» **GIVEN DATA**
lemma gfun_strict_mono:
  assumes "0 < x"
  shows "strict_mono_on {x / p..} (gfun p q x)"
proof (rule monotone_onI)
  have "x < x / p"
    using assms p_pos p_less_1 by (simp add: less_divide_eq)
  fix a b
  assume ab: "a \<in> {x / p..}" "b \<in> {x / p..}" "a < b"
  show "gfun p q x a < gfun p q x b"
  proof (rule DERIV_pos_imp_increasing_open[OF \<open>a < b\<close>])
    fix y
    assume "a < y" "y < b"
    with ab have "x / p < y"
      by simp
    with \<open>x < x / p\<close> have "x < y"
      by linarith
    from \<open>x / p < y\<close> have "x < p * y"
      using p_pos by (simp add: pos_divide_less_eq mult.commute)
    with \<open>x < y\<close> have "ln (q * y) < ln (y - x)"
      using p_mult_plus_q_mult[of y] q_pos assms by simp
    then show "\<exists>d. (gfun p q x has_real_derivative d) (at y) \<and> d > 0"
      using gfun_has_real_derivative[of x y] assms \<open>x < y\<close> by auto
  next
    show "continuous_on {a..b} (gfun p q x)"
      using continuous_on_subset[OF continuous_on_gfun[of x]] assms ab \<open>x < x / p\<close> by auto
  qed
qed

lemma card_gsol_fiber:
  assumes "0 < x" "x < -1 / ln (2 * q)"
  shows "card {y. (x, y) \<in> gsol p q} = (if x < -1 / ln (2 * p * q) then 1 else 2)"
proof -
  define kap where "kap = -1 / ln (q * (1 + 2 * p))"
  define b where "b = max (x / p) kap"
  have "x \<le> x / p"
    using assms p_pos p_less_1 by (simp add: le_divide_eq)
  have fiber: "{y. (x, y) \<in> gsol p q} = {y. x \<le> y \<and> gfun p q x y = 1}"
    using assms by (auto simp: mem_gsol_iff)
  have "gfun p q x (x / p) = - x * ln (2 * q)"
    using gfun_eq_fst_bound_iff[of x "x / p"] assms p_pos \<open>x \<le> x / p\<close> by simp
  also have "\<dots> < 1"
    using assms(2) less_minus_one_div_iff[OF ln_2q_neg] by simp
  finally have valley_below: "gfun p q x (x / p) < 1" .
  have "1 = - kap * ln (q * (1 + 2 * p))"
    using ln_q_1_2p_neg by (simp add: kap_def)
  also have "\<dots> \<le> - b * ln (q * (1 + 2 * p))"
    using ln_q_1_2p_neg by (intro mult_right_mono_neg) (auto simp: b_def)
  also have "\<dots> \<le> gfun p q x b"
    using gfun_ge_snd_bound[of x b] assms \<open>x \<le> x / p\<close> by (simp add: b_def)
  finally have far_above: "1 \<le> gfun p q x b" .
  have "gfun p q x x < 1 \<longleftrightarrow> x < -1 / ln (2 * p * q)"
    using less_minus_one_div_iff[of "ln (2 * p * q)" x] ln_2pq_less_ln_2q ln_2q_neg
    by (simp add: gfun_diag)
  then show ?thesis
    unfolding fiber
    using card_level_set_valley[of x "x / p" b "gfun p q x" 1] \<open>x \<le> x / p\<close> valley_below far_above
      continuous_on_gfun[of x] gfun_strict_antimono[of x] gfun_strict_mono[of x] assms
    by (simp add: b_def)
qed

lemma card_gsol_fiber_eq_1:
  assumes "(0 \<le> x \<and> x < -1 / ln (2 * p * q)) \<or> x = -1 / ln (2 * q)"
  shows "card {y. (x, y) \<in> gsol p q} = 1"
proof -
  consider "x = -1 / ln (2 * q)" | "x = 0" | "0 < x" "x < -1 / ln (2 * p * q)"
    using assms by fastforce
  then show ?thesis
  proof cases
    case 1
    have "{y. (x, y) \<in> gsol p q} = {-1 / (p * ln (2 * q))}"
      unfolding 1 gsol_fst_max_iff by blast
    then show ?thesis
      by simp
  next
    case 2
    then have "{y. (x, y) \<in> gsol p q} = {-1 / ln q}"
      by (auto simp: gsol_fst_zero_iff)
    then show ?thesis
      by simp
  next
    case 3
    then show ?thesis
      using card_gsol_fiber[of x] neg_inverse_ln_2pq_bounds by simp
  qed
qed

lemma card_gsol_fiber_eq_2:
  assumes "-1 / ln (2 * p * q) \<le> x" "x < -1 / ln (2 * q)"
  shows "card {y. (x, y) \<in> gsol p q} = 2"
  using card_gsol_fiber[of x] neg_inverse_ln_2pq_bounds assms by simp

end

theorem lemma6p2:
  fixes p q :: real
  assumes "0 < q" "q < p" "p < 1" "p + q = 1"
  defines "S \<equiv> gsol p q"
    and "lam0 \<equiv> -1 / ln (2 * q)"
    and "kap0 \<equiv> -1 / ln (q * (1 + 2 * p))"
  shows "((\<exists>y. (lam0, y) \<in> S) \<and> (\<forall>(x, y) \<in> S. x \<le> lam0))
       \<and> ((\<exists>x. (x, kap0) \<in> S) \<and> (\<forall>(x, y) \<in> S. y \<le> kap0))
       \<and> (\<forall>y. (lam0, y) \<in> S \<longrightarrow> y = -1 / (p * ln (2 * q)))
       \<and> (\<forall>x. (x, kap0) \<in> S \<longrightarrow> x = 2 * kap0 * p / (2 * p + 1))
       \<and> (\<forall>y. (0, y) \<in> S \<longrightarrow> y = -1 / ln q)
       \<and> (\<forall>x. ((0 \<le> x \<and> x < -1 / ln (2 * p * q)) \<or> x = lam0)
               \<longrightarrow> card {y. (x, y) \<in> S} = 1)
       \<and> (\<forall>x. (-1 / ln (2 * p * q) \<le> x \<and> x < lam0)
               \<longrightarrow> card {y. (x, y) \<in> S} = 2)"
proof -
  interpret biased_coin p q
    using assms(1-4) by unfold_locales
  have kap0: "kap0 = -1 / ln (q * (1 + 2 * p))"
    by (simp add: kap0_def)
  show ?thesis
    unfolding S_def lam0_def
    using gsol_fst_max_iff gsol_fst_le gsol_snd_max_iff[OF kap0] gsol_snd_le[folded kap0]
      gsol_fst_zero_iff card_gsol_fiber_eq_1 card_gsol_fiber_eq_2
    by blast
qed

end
---
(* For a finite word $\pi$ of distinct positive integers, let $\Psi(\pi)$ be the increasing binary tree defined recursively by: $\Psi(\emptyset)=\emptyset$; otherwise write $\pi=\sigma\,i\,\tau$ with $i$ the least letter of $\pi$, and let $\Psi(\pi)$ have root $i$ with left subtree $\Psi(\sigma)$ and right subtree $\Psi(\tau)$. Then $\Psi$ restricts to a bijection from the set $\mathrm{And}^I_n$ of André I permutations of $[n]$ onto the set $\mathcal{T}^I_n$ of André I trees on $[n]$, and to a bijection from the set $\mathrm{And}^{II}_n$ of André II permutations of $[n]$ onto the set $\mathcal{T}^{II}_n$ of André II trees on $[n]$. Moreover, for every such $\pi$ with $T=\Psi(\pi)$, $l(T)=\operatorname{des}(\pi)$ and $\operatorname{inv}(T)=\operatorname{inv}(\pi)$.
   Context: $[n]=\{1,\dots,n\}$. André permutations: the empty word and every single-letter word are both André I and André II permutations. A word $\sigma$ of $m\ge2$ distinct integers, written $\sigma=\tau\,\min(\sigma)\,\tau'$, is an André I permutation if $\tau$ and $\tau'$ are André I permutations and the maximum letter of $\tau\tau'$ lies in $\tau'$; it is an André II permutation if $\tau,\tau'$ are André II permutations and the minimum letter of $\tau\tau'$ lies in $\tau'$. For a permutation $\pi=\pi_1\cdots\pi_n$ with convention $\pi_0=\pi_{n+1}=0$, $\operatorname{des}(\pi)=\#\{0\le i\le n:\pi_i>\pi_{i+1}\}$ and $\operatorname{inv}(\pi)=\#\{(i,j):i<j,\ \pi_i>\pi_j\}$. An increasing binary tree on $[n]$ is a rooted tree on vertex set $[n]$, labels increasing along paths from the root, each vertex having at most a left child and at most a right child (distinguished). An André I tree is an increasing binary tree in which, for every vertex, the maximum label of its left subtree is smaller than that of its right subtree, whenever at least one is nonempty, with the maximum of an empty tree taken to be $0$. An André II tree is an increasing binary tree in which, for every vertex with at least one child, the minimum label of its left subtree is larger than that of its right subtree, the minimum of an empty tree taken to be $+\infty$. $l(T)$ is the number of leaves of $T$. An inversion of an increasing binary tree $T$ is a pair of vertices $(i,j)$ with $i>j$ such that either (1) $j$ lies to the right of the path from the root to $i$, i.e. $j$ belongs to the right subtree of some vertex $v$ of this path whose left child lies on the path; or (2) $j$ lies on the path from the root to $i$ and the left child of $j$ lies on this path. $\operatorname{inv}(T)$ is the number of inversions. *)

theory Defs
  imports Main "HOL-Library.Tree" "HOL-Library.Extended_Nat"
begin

» **WORK TO BE COMPLETED**
Out of the material above, output word for word the line with "q)) \<or> x = lam0)", the line with "unfolding S_def lam0_def", and all lines between them, with nothing else.

» **RESPONSE BOX**
       \<and> (\<forall>x. ((0 \<le> x \<and> x < -1 / ln (2 * p * q)) \<or> x = lam0)
               \<longrightarrow> card {y. (x, y) \<in> S} = 1)
       \<and> (\<forall>x. (-1 / ln (2 * p * q) \<le> x \<and> x < lam0)
               \<longrightarrow> card {y. (x, y) \<in> S} = 2)"
proof -
  interpret biased_coin p q
    using assms(1-4) by unfold_locales
  have kap0: "kap0 = -1 / ln (q * (1 + 2 * p))"
    by (simp add: kap0_def)
  show ?thesis
    unfolding S_def lam0_def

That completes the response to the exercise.